The Debt Supercycle Comes to China

CAMBRIDGE – The 2008 financial crisis in the United States kicked off a debt supercycle, which spread to Europe in 2010 and has recently engulfed many of the world’s low-income and lower-middle-income countries. Could the debt woes of Country Garden, the behemoth Chinese real-estate developer now facing billions of dollars in losses, augur the cycle’s next turn?

The answer remains unclear. While the Chinese authorities have a remarkable track record when it comes to containing economic crises, the challenges posed by a significant growth slowdown, combined with high debt levels – especially for local governments and the property sector – are unprecedented.

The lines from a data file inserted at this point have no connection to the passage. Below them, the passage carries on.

text \<open>Kronecker product W \<otimes> I_d acting on stacked vectors.\<close>
definition kron_I :: "real^'n^'n \<Rightarrow> ('p::finite,'q::finite,'n::finite) stack \<Rightarrow> ('p,'q,'n) stack" where
  "kron_I W z = (\<chi> n. \<Sum>m\<in>UNIV. W $ n $ m *\<^sub>R z $ m)"

definition psd_sqrt :: "('a::real_inner \<Rightarrow> 'a) \<Rightarrow> ('a \<Rightarrow> 'a)" where
  "psd_sqrt L = (THE S. linear S \<and> (\<forall>x y. S x \<bullet> y = x \<bullet> S y) \<and> (\<forall>x. 0 \<le> S x \<bullet> x)
                    \<and> (\<forall>x. S (S x) = L x))"

definition Uop :: "real^'n^'n \<Rightarrow> ('p::finite,'q::finite,'n::finite) stack \<Rightarrow> ('p,'q,'n) stack" where
  "Uop W = psd_sqrt (\<lambda>z. z - kron_I W z)"

definition DT :: "('n \<Rightarrow> (real^'p) \<times> (real^'q) \<Rightarrow> real) \<Rightarrow> (real^'p) set \<Rightarrow> (real^'q) set
    \<Rightarrow> real^'n^'n \<Rightarrow> real \<Rightarrow> ('p::finite,'q::finite,'n::finite) stack \<times> ('p,'q,'n) stack
    \<Rightarrow> (('p,'q,'n) stack \<times> ('p,'q,'n) stack) set" where
  "DT f X Y W \<alpha> v =
     (let z = fst v; q = snd v; U = Uop W in
       {(z + U q, U z + q) + (\<alpha> *\<^sub>R g + U q, - U z) | g. g \<in> BR f X Y z})"

end

theory Submission
  imports Defs
begin

text \<open>
  (i) Adding the four weak convexity/concavity inequalities of \<open>f\<^sub>n\<close> at two points shows
  that each \<open>B\<^sub>n\<close> is \<open>\<rho>\<close>-weakly monotone on \<open>X \<times> Y\<close>; normal cones are monotone.

  (ii) Uniqueness of the resolvent is immediate from (i) when \<open>\<alpha>\<rho> < 1\<close>. For existence,
  the resolvent inclusion at node \<open>n\<close> with data \<open>c = (c\<^sub>x, c\<^sub>y)\<close> is the first-order
  optimality condition at a saddle point on \<open>X \<times> Y\<close> of
  \<open>f\<^sub>n(x, y) + \<parallel>x - c\<^sub>x\<parallel>\<^sup>2/(2\<alpha>) - \<parallel>y - c\<^sub>y\<parallel>\<^sup>2/(2\<alpha>)\<close>, which is strongly convex
  in \<open>x\<close> and strongly concave in \<open>y\<close> with modulus \<open>1/\<alpha> - \<rho>\<close>. Strong convexity makes the
  partial argmin and argmax maps continuous, so Brouwer's theorem yields a fixed point of
  \<open>(x, y) \<mapsto> (argmin, argmax)\<close>, i.e. a saddle point.

  (iii) \<open>I - W \<otimes> I\<close> is positive semidefinite, so by the spectral theorem \<open>U\<close> is well
  defined, and \<open>\<parallel>U\<parallel> \<le> s = sqrt (1 - \<lambda>\<^sub>m\<^sub>i\<^sub>n)\<close>. With \<open>A\<close>, \<open>B\<close> the norms of the
  \<open>z\<close>- and \<open>q\<close>-differences, the monotonicity pairing of \<open>D + T\<close> is at least
  \<open>(1 - \<alpha>\<rho>) A\<^sup>2 + B\<^sup>2 - 2 s A B\<close>, and the step size condition \<open>\<alpha>\<rho> \<le> (1 - s)/2\<close> makes
  this at least \<open>(1 - s\<^sup>2)/4 (A\<^sup>2 + B\<^sup>2) = \<lambda>\<^sub>m\<^sub>i\<^sub>n/4 \<parallel>v - v'\<parallel>\<^sup>2\<close>.
\<close>

section \<open>Spectral theorem and positive semidefinite square roots\<close>

lemma quadratic_nonneg_imp_linear_coeff_zero:
  fixes c d :: real
  assumes "\<And>t. 0 \<le> 2 * t * c + t\<^sup>2 * d"
  shows "c = 0"
proof (rule ccontr)
  assume "c \<noteq> 0"
  define k where "k = \<bar>d\<bar> + 1"
  have k: "k \<ge> 1" "d \<le> k - 1" by (auto simp: k_def)
  have "0 \<le> (2 * (- c / k) * c + (- c / k)\<^sup>2 * d) * k\<^sup>2"
    using assms[of "- c / k"] by simp
  also have "\<dots> = c\<^sup>2 * (d - 2 * k)"
    using k by (simp add: field_simps power2_eq_square)
  finally show False
    using \<open>c \<noteq> 0\<close> k by (simp add: zero_le_mult_iff)
qed

lemma self_adjoint_rayleigh_min_eigenvector:
  fixes A :: "'a::real_inner \<Rightarrow> 'a"
  assumes lin: "linear A" and sym: "\<And>x y. A x \<bullet> y = x \<bullet> A y"
    and V: "subspace V" and inv: "A ` V \<subseteq> V"
    and x0: "x0 \<in> V" "x0 \<bullet> x0 = 1"
    and min: "\<And>u. u \<in> V \<Longrightarrow> (x0 \<bullet> A x0) * (u \<bullet> u) \<le> u \<bullet> A u"
  shows "A x0 = (x0 \<bullet> A x0) *\<^sub>R x0"
proof -
  define l where "l = x0 \<bullet> A x0"
  define w where "w = A x0 - l *\<^sub>R x0"
  have wV: "w \<in> V"
    using inv x0 V by (auto simp: w_def subspace_diff subspace_scale)
  have wx0: "w \<bullet> x0 = 0"
    using x0(2) inner_commute[of "A x0" x0] by (simp add: w_def l_def inner_diff_left)
  have "A x0 \<bullet> w = 0"
  proof (rule quadratic_nonneg_imp_linear_coeff_zero[where d = "w \<bullet> A w - l * (w \<bullet> w)"])
    fix t :: real
    have "x0 + t *\<^sub>R w \<in> V"
      using wV x0 V by (simp add: subspace_add subspace_scale)
    hence "l * ((x0 + t *\<^sub>R w) \<bullet> (x0 + t *\<^sub>R w)) \<le> (x0 + t *\<^sub>R w) \<bullet> A (x0 + t *\<^sub>R w)"
      unfolding l_def by (rule min)
    moreover have "(x0 + t *\<^sub>R w) \<bullet> (x0 + t *\<^sub>R w) = 1 + t\<^sup>2 * (w \<bullet> w)"
      using x0(2) wx0 by (simp add: inner_add_left inner_add_right inner_commute power2_eq_square)
    moreover have "(x0 + t *\<^sub>R w) \<bullet> A (x0 + t *\<^sub>R w) = l + 2 * t * (A x0 \<bullet> w) + t\<^sup>2 * (w \<bullet> A w)"
      using linear_add[OF lin] linear_scale[OF lin] sym[of x0 w] inner_commute[of w "A x0"]
      by (simp add: l_def inner_add_left inner_add_right power2_eq_square algebra_simps)
    ultimately have "l * (1 + t\<^sup>2 * (w \<bullet> w)) \<le> l + 2 * t * (A x0 \<bullet> w) + t\<^sup>2 * (w \<bullet> A w)"
      by (simp only:)
    thus "0 \<le> 2 * t * (A x0 \<bullet> w) + t\<^sup>2 * (w \<bullet> A w - l * (w \<bullet> w))"
      by (simp add: algebra_simps)
  qed
  hence "w \<bullet> w = 0"
    using wx0 by (simp add: w_def inner_diff_left inner_commute)
  thus ?thesis by (simp add: w_def l_def)
qed

lemma self_adjoint_unit_eigenvector:
  fixes A :: "'a::euclidean_space \<Rightarrow> 'a"
  assumes lin: "linear A" and sym: "\<And>x y. A x \<bullet> y = x \<bullet> A y"
    and V: "subspace V" and inv: "A ` V \<subseteq> V" and nontriv: "V \<noteq> {0}"
  obtains x0 where "x0 \<in> V" "norm x0 = 1" "A x0 = (x0 \<bullet> A x0) *\<^sub>R x0"
proof -
  define S where "S = V \<inter> sphere 0 1"
  have normalize: "u /\<^sub>R norm u \<in> S" if "u \<in> V" "u \<noteq> 0" for u
    using that V by (simp add: S_def subspace_scale)
  obtain v where "v \<in> V" "v \<noteq> 0"
    using nontriv V subspace_0 by blast
  hence "S \<noteq> {}" using normalize by blast
  moreover have "compact S"
    unfolding S_def using V by (simp add: closed_subspace closed_Int_compact)
  moreover have "continuous_on S (\<lambda>x. x \<bullet> A x)"
    using lin by (intro continuous_intros linear_continuous_on) (simp add: linear_conv_bounded_linear)
  ultimately obtain x0 where x0S: "x0 \<in> S" and x0min: "\<And>x. x \<in> S \<Longrightarrow> x0 \<bullet> A x0 \<le> x \<bullet> A x"
    by (metis continuous_attains_inf)
  have x0: "x0 \<in> V" "norm x0 = 1" using x0S by (auto simp: S_def)
  have "(x0 \<bullet> A x0) * (u \<bullet> u) \<le> u \<bullet> A u" if "u \<in> V" for u
  proof (cases "u = 0")
    case True then show ?thesis using linear_0[OF lin] by simp
  next
    case False
    have "x0 \<bullet> A x0 \<le> (u /\<^sub>R norm u) \<bullet> A (u /\<^sub>R norm u)"
      using x0min normalize[OF that False] by blast
    also have "\<dots> = (u \<bullet> A u) / (u \<bullet> u)"
      using linear_scale[OF lin] by (simp add: dot_square_norm power2_eq_square field_simps)
    finally show ?thesis using False by (simp add: pos_le_divide_eq)
  qed
  hence "A x0 = (x0 \<bullet> A x0) *\<^sub>R x0"
    using self_adjoint_rayleigh_min_eigenvector[OF lin sym V inv x0(1)] x0(2)
    by (simp add: norm_eq_1)
  with x0 show ?thesis using that by blast
qed

lemma span_insert_orthogonal_complement:
  assumes V: "subspace V" and x0: "x0 \<in> V" "x0 \<bullet> x0 = 1"
    and B: "span B = {y \<in> V. y \<bullet> x0 = 0}"
  shows "span (insert x0 B) = V"
proof
  have "B \<subseteq> V" using B span_superset by blast
  thus "span (insert x0 B) \<subseteq> V" using V x0(1) by (simp add: span_minimal)
  show "V \<subseteq> span (insert x0 B)"
  proof
    fix u assume "u \<in> V"
    hence "u - (u \<bullet> x0) *\<^sub>R x0 \<in> span B"
      using B V x0 by (simp add: subspace_diff subspace_scale inner_diff_left)
    thus "u \<in> span (insert x0 B)" using span_breakdown_eq by blast
  qed
qed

China’s current problems can be traced back to its massive post-2008 investment stimulus, a significant portion of which fueled the real-estate construction boom. After years of building housing and offices at breakneck speed, the bloated property sector – which accounts for 23% of the country’s GDP (26% counting imports) – is now yielding diminishing returns. This comes as little surprise, as China’s housing stock and infrastructure rival that of many advanced economies while its per capita income remains comparatively low.

At the same time, in what had once seemed like a race between a tortoise and a hare, the US is speeding toward artificial-intelligence-powered technological innovation and higher long-term economic growth. As highly respected Wall Street Journal economics commentator Greg Ip recently put it, “No one talks about secular stagnation now,” referring to a theory that a chronic deficiency in global demand and economically important innovation will hold down growth and real interest rates long into the future.